First, we need to find the molarity of the concentrated $\text{H}_2\text{SO}_4$ solution. Consider $1 \text{ L}$ ($1000 \text{ mL}$) of this solution. Using the given density ($1.80 \text{ g mL}^{-1}$), the mass of $1 \text{ L}$ of solution is: $\text{Mass} = \text{Volume} \times \text{Density} = 1000 \text{ mL} \times 1.80 \text{ g mL}^{-1} = 1800 \text{ g}$ . Since the solution is $98\% \text{ H}_2\text{SO}_4$ by mass, the mass of $\text{H}_2\text{SO}_4$ in $1 \text{ L}$ of solution is: $\text{Mass of H}_2\text{SO}_4 = \frac{98}{100} \times 1800 \text{ g} = 1764 \text{ g}$ . The molar mass of $\text{H}_2\text{SO}_4$ is $2(1) + 32 + 4(16) = 98 \text{ g mol}^{-1}$ . Number of moles of $\text{H}_2\text{SO}_4$ in $1 \text{ L}$ of solution $= \frac{1764 \text{ g}}{98 \text{ g mol}^{-1}} = 18 \text{ mol}$. Therefore, the molarity ($M_1$) of the concentrated acid is $18 \text{ M}$ .

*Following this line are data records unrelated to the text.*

theorem quasi_iso_incl: "quasi_iso_incl C' (Restr R C') C R"
  unfolding quasi_iso_incl_def
proof (intro allI bij_betw_incl_cohom)
  fix k
  show "cocycles C' (Restr R C') k \<subseteq> cocycles C R k"
    using cochains_mono[OF subset] dif_subcomplex by (auto simp: cocycles_def)
  show "coboundaries C' (Restr R C') k \<subseteq> coboundaries C R k"
    using cochains_mono[OF subset] dif_subcomplex by (auto simp: coboundaries_def)
next
  fix k w assume w: "w \<in> cochains C' k" "w \<in> coboundaries C R k"
  then obtain b where b: "b \<in> cochains C (k - 1)" "w = dif C R b"
    by (auto simp: coboundaries_def)
  have b': "b - dif C R (h b) \<in> cochains C' (k - 1)"
    using retract_in_subcomplex[OF b(1)] w b by simp
  have "dif C' (Restr R C') (b - dif C R (h b)) = dif C R b - dif C R (dif C R (h b))"
    by (subst dif_subcomplex[OF b']) (rule dif_diff)
  also have "\<dots> = w"
    using b dif_dif[OF finite order] by (simp add: fun_diff_def)
  finally show "w \<in> coboundaries C' (Restr R C') k"
    using b' unfolding coboundaries_def by (metis image_eqI)
next
  fix k z assume "z \<in> cocycles C R k"
  then have z: "z \<in> cochains C k" "dif C R z = (\<lambda>_. 0)" by (auto simp: cocycles_def)
  have z': "z - dif C R (h z) \<in> cochains C' k"
    using retract_in_subcomplex[OF z(1)] by (simp add: z(2) zero_in_cochains)
  have "dif C' (Restr R C') (z - dif C R (h z)) = dif C R z - dif C R (dif C R (h z))"
    by (subst dif_subcomplex[OF z']) (rule dif_diff)
  also have "\<dots> = (\<lambda>_. 0)"
    using z dif_dif[OF finite order] by (simp add: fun_diff_def)
  finally have "dif C' (Restr R C') (z - dif C R (h z)) = (\<lambda>_. 0)" .
  moreover have "z - (z - dif C R (h z)) \<in> coboundaries C R k"
  proof -
    have "z - (z - dif C R (h z)) = dif C R (h z)" by (simp add: fun_diff_def)
    then show ?thesis using h_cochains[OF z(1)] unfolding coboundaries_def by simp
  qed
  ultimately show "\<exists>z'\<in>cocycles C' (Restr R C') k. z - z' \<in> coboundaries C R k"
    using z' unfolding cocycles_def by blast
qed

end

subsection \<open>Toggling a larger subspace\<close>

definition toggle_homotopy ::
    "('n::finite) subsp rel \<Rightarrow> 'n subsp \<Rightarrow> 'n subsp \<Rightarrow> ('n subsp set \<Rightarrow> rat) \<Rightarrow> ('n subsp set \<Rightarrow> rat)"
  where "toggle_homotopy R u v c \<tau> = (if u \<in> \<tau> \<and> v \<in> \<tau> then psign R \<tau> v * c (\<tau> - {v}) else 0)"
definition three_cycle_graph :: "(nat \<times> nat) set" where
  "three_cycle_graph = {(1, 4), (2, 3), (3, 4), (4, 2)}"

lemma dcg_two_cycle_graph: "dcg 4 two_cycle_graph"
  by (auto simp: dcg_def two_cycle_graph_def)

lemma dcg_three_cycle_graph: "dcg 4 three_cycle_graph"
  by (auto simp: dcg_def three_cycle_graph_def)

lemma skeleton_two_cycle_graph:
  "skeleton two_cycle_graph = {(1, 3), (1, 4), (2, 3), (2, 4), (3, 4)}"
proof
  show "skeleton two_cycle_graph \<subseteq> {(1, 3), (1, 4), (2, 3), (2, 4), (3, 4)}"
    by (auto simp: skeleton_def really_adj_def virtually_adj_def two_cycle_graph_def)
  have "(1, 4) \<in> two_cycle_graph" "(2, 3) \<in> two_cycle_graph" "(3, 4) \<in> two_cycle_graph"
    "(4, 3) \<in> two_cycle_graph"
    by (simp_all add: two_cycle_graph_def)
  then have "virtually_adj two_cycle_graph 1 3" "virtually_adj two_cycle_graph 2 4"
    "really_adj two_cycle_graph 1 4" "really_adj two_cycle_graph 2 3"
    "really_adj two_cycle_graph 3 4"
    unfolding virtually_adj_def really_adj_def anc_def by (blast intro: r_into_rtrancl)+
  then show "{(1, 3), (1, 4), (2, 3), (2, 4), (3, 4)} \<subseteq> skeleton two_cycle_graph"
    by (simp add: skeleton_def)
qed

lemma skeleton_three_cycle_graph:
  "skeleton three_cycle_graph = {(1, 3), (1, 4), (2, 3), (2, 4), (3, 4)}"
proof
  show "skeleton three_cycle_graph \<subseteq> {(1, 3), (1, 4), (2, 3), (2, 4), (3, 4)}"
    by (auto simp: skeleton_def really_adj_def virtually_adj_def three_cycle_graph_def)
  have E: "(1, 4) \<in> three_cycle_graph" "(2, 3) \<in> three_cycle_graph" "(3, 4) \<in> three_cycle_graph"
    "(4, 2) \<in> three_cycle_graph"
    by (simp_all add: three_cycle_graph_def)
  then have "(4, 3) \<in> three_cycle_graph\<^sup>*" by (blast intro: rtrancl_into_rtrancl r_into_rtrancl)
  with E have "virtually_adj three_cycle_graph 1 3" "really_adj three_cycle_graph 1 4"
    "really_adj three_cycle_graph 2 3" "really_adj three_cycle_graph 2 4"
    "really_adj three_cycle_graph 3 4"
    unfolding virtually_adj_def really_adj_def anc_def by blast+
  then show "{(1, 3), (1, 4), (2, 3), (2, 4), (3, 4)} \<subseteq> skeleton three_cycle_graph"
    by (simp add: skeleton_def)
qed

lemma d_separated_two_cycle_12_empty: "d_separated two_cycle_graph 1 2 {}"
proof -
  have "{v. anc two_cycle_graph v 1 \<or> anc two_cycle_graph v 2} - {1, 2} = {}"
    using anc_parentless[of two_cycle_graph _ 1] anc_parentless[of two_cycle_graph _ 2]
    by (auto simp: two_cycle_graph_def)
  moreover have "d_separated two_cycle_graph 1 2
      ({v. anc two_cycle_graph v 1 \<or> anc two_cycle_graph v 2} - {1, 2})"
    by (rule d_separated_by_ancestors)
      (auto simp: two_cycle_graph_def really_adj_def virtually_adj_def)
  ultimately show ?thesis by (simp only:)
qed

text \<open>The only edge at \<open>1\<close> leads into \<open>4 \<in> S\<close>, which must be a collider; so the path continues
  backwards along \<open>3 \<rightarrow> 4\<close>, and then \<open>3 \<in> S\<close> is a non-collider.\<close>

lemma d_separated_two_cycle_12_34: "d_separated two_cycle_graph 1 2 {3, 4}"
  unfolding d_separated_def d_connected_iff_active_path
proof clarify
  fix vs ds
  assume path: "is_path two_cycle_graph 1 2 vs ds"
    and active: "active_path two_cycle_graph {3, 4} vs ds"
  have first: "vs ! 0 = 1" and last: "vs ! length ds = 2" and len: "length vs = Suc (length ds)"
    using is_path_first[OF path] is_path_last[OF path] is_path_length[OF path] by simp_all
  have dist: "distinct vs" using path unfolding is_path_def by blast
  have ds0: "0 < length ds" using first last by (cases "length ds") simp_all
  have "vs ! 1 = 4"
    using is_path_edge[OF path ds0] first by (cases "ds ! 0") (auto simp: two_cycle_graph_def)
  then have "length ds \<noteq> 1" using last by auto
  with ds0 have ds1: "1 < length ds" by linarith
  have "collider_at ds 1"
    using active ds1 \<open>vs ! 1 = 4\<close> unfolding active_path_def by simp
  then have "\<not> ds ! 1" by (simp add: collider_at_def)
  then have "(vs ! 2, 4) \<in> two_cycle_graph"
    using is_path_edge[OF path ds1] \<open>vs ! 1 = 4\<close> by (simp add: numeral_2_eq_2)
  moreover have "vs ! 2 \<noteq> vs ! 0"
    using nth_eq_iff_index_eq[OF dist, of 2 0] ds1 len by simp
  ultimately have "vs ! 2 = 3" using first by (auto simp: two_cycle_graph_def)
  then have "length ds \<noteq> 2" using last by auto
  with ds1 have ds2: "2 < length ds" by linarith
  have "collider_at ds 2"
    using active ds2 \<open>vs ! 2 = 3\<close> unfolding active_path_def by simp
  then show False using \<open>\<not> ds ! 1\<close> by (simp add: collider_at_def)
qed

lemma d_separated_three_cycle_12_34: "d_separated three_cycle_graph 1 2 {3, 4}"
proof -
  have "(3, 2) \<in> three_cycle_graph\<^sup>*" "(4, 2) \<in> three_cycle_graph\<^sup>*"
    by (auto intro: rtrancl_into_rtrancl[of _ 4] simp: three_cycle_graph_def)
  moreover have "{1..4} - {1, 2} = {3, 4::nat}" by auto
  ultimately have "{v. anc three_cycle_graph v 1 \<or> anc three_cycle_graph v 2} - {1, 2} = {3, 4}"
    using ancestors_subset_vertices[OF dcg_three_cycle_graph, of 1 2] by (auto simp: anc_def)
  moreover have "d_separated three_cycle_graph 1 2
      ({v. anc three_cycle_graph v 1 \<or> anc three_cycle_graph v 2} - {1, 2})"
    by (rule d_separated_by_ancestors)
      (auto simp: three_cycle_graph_def really_adj_def virtually_adj_def)
  ultimately show ?thesis by (simp only:)
qed

lemma Dsep_two_cycle_graph:
  "Dsep 4 two_cycle_graph = {(1, 2, {}), (2, 1, {}), (1, 2, {3, 4}), (2, 1, {3, 4})}"
proof
  have "d_connected two_cycle_graph 1 2 {3}"
    by (rule d_connectedI[where vs = "[1, 4, 3, 2]" and ds = "[True, True, False]"])
      (simp_all add: two_cycle_graph_def collider_at_def anc_def)
  moreover have "d_connected two_cycle_graph 1 2 {4}"
    by (rule d_connectedI[where vs = "[1, 4, 3, 2]" and ds = "[True, False, False]"])
      (simp_all add: two_cycle_graph_def collider_at_def anc_def)
  ultimately have connected: "d_connected two_cycle_graph j k S"
    if "j = 1 \<and> k = 2 \<or> j = 2 \<and> k = 1" "S = {3} \<or> S = {4}" for j k S
    using that d_connected_sym by auto
  show "Dsep 4 two_cycle_graph \<subseteq> {(1, 2, {}), (2, 1, {}), (1, 2, {3, 4}), (2, 1, {3, 4})}"
  proof
    fix t assume "t \<in> Dsep 4 two_cycle_graph"
    moreover obtain j k S where t: "t = (j, k, S)" by (cases t)
    ultimately have jkS: "(j, k, S) \<in> Dsep 4 two_cycle_graph" by simp
    then have "\<not> d_connected two_cycle_graph j k S" by (simp add: Dsep_def d_separated_def)
    with Dsep_four_vertices[OF dcg_two_cycle_graph skeleton_two_cycle_graph jkS] connected
    show "t \<in> {(1, 2, {}), (2, 1, {}), (1, 2, {3, 4}), (2, 1, {3, 4})}" unfolding t by auto
  qed
  show "{(1, 2, {}), (2, 1, {}), (1, 2, {3, 4}), (2, 1, {3, 4})} \<subseteq> Dsep 4 two_cycle_graph"
    using d_separated_two_cycle_12_empty d_separated_two_cycle_12_34 d_separated_sym
    by (auto simp: Dsep_def triples_def)
qed

lemma Dsep_three_cycle_graph: "Dsep 4 three_cycle_graph = {(1, 2, {3, 4}), (2, 1, {3, 4})}"
proof
  have "d_connected three_cycle_graph 1 2 S" if "4 \<notin> S" for S
    by (rule d_connectedI[where vs = "[1, 4, 2]" and ds = "[True, True]"])
      (simp_all add: three_cycle_graph_def collider_at_def that)
  moreover have "d_connected three_cycle_graph 1 2 {4}"
    by (rule d_connectedI[where vs = "[1, 4, 3, 2]" and ds = "[True, False, False]"])
      (simp_all add: three_cycle_graph_def collider_at_def anc_def)
  ultimately have connected: "d_connected three_cycle_graph j k S"
    if "j = 1 \<and> k = 2 \<or> j = 2 \<and> k = 1" "S = {} \<or> S = {3} \<or> S = {4}" for j k S
    using that d_connected_sym by auto
  show "Dsep 4 three_cycle_graph \<subseteq> {(1, 2, {3, 4}), (2, 1, {3, 4})}"
  proof
    fix t assume "t \<in> Dsep 4 three_cycle_graph"
    moreover obtain j k S where t: "t = (j, k, S)" by (cases t)
    ultimately have jkS: "(j, k, S) \<in> Dsep 4 three_cycle_graph" by simp
    then have "\<not> d_connected three_cycle_graph j k S" by (simp add: Dsep_def d_separated_def)
    with Dsep_four_vertices[OF dcg_three_cycle_graph skeleton_three_cycle_graph jkS] connected
    show "t \<in> {(1, 2, {3, 4}), (2, 1, {3, 4})}" unfolding t by auto
  qed
  show "{(1, 2, {3, 4}), (2, 1, {3, 4})} \<subseteq> Dsep 4 three_cycle_graph"
    using d_separated_three_cycle_12_34 d_separated_sym by (auto simp: Dsep_def triples_def)
qed

text \<open>Rows \<open>0, \<dots>, 5\<close> are the vectors \<open>0000, 0000, 0100, 1001, 1010, 1111\<close>. Under the uniform
  distribution on them \<open>X\<^sub>1\<close> and \<open>X\<^sub>2\<close> are independent, also given \<open>(X\<^sub>3, X\<^sub>4)\<close>, and no
  other conditional independence holds.\<close>

definition six_table :: "nat \<Rightarrow> nat \<Rightarrow> bool" where
  "six_table m i \<longleftrightarrow>
     (m, i) \<in> {(2, 2), (3, 1), (3, 4), (4, 1), (4, 3), (5, 1), (5, 2), (5, 3), (5, 4)}"
(* Let $n\geq 2$ and let $\mu_0^n$ be the complex commutative associative algebra with basis $\{e_1,\dots,e_n\}$ and multiplication $e_i\cdot e_j=e_{i+j}$ if $2\leq i+j\leq n$, all other products of basis elements being zero. Let $[-,-]$ be a bilinear operation on $\mu_0^n$ such that $(\mu_0^n,\cdot,[-,-])$ is a transposed Poisson algebra. Then there exist $\alpha_2,\dots,\alpha_n\in\mathbb{C}$ such that \[ [e_i,e_j]=(j-i)\sum_{t=i+j-1}^{n}\alpha_{t-i-j+3}\,e_t\quad\text{for } 3\leq i+j\leq n+1, \] and all other brackets of basis elements are zero. (This algebra is denoted $\mathbf{TP}(\alpha_2,\dots,\alpha_n)$.)
   Context: A transposed Poisson algebra is a triple $(\mathfrak{L},\cdot,[-,-])$ where $\mathfrak{L}$ is a complex vector space, $(\mathfrak{L},\cdot)$ is a commutative associative algebra, $(\mathfrak{L},[-,-])$ is a Lie algebra, and $2z\cdot[x,y]=[z\cdot x,y]+[x,z\cdot y]$ for all $x,y,z\in\mathfrak{L}$. *)

theory Defs
  imports Main "HOL.Complex"
begin

text \<open>Elements of mu_0^n are coordinate vectors v :: nat => complex supported on {1..n};
  the basis vector e_i is the indicator of i.\<close>

definition mu0_carrier :: "nat \<Rightarrow> (nat \<Rightarrow> complex) set" where
  "mu0_carrier n = {v. \<forall>k. v k \<noteq> 0 \<longrightarrow> k \<in> {1..n}}"

definition ebasis :: "nat \<Rightarrow> nat \<Rightarrow> complex" where
  "ebasis i = (\<lambda>k. if k = i then 1 else 0)"
lemma card_ge_if_block_closed:
  assumes "0 < L" and S: "S \<subseteq> {..<L * N}" and "k < N"
    and closed: "\<And>w w2. w \<in> S \<Longrightarrow> w \<noteq> u \<Longrightarrow> w2 < L * N \<Longrightarrow> w2 mod L = w mod L \<Longrightarrow> w2 \<noteq> u \<Longrightarrow> w2 \<in> S"
    and "k = 0 \<or> (k = 1 \<and> S \<noteq> {}) \<or> (\<exists>w\<in>S. w \<noteq> u)"
  shows "k \<le> card S"
proof -
  have fin: "finite S" using S finite_subset by blast
  consider "k = 0" | "k = 1" "S \<noteq> {}" | w where "w \<in> S" "w \<noteq> u"
    using assms(5) by blast
  then show ?thesis
  proof cases
    case 2
    then show ?thesis using fin by (simp add: Suc_le_eq card_gt_0_iff)
  next
    case 3
    define B where "B = {w2. w2 < L * N \<and> w2 mod L = w mod L}"
    have "card B = N" unfolding B_def by (rule card_block) (simp add: assms(1))
    moreover have "B - {u} \<subseteq> S" using closed[OF 3] by (auto simp: B_def)
    then have "card (B - {u}) \<le> card S" using fin by (rule card_mono[rotated])
    moreover have "card B - 1 \<le> card (B - {u})"
      using diff_card_le_card_Diff[of "{u}" B] by simp
    ultimately show ?thesis using \<open>k < N\<close> by linarith
  qed simp
qed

To find the volume ($V_1$) of this acid required to make $1 \text{ L}$ ($1000 \text{ mL}$) of $0.1 \text{ M}$ ($M_2$) solution, we use the dilution formula: $M_1V_1 = M_2V_2$ $18 \text{ M} \times V_1 = 0.1 \text{ M} \times 1000 \text{ mL}$ $V_1 = \frac{100}{18} \text{ mL} = 5.55 \text{ mL}$.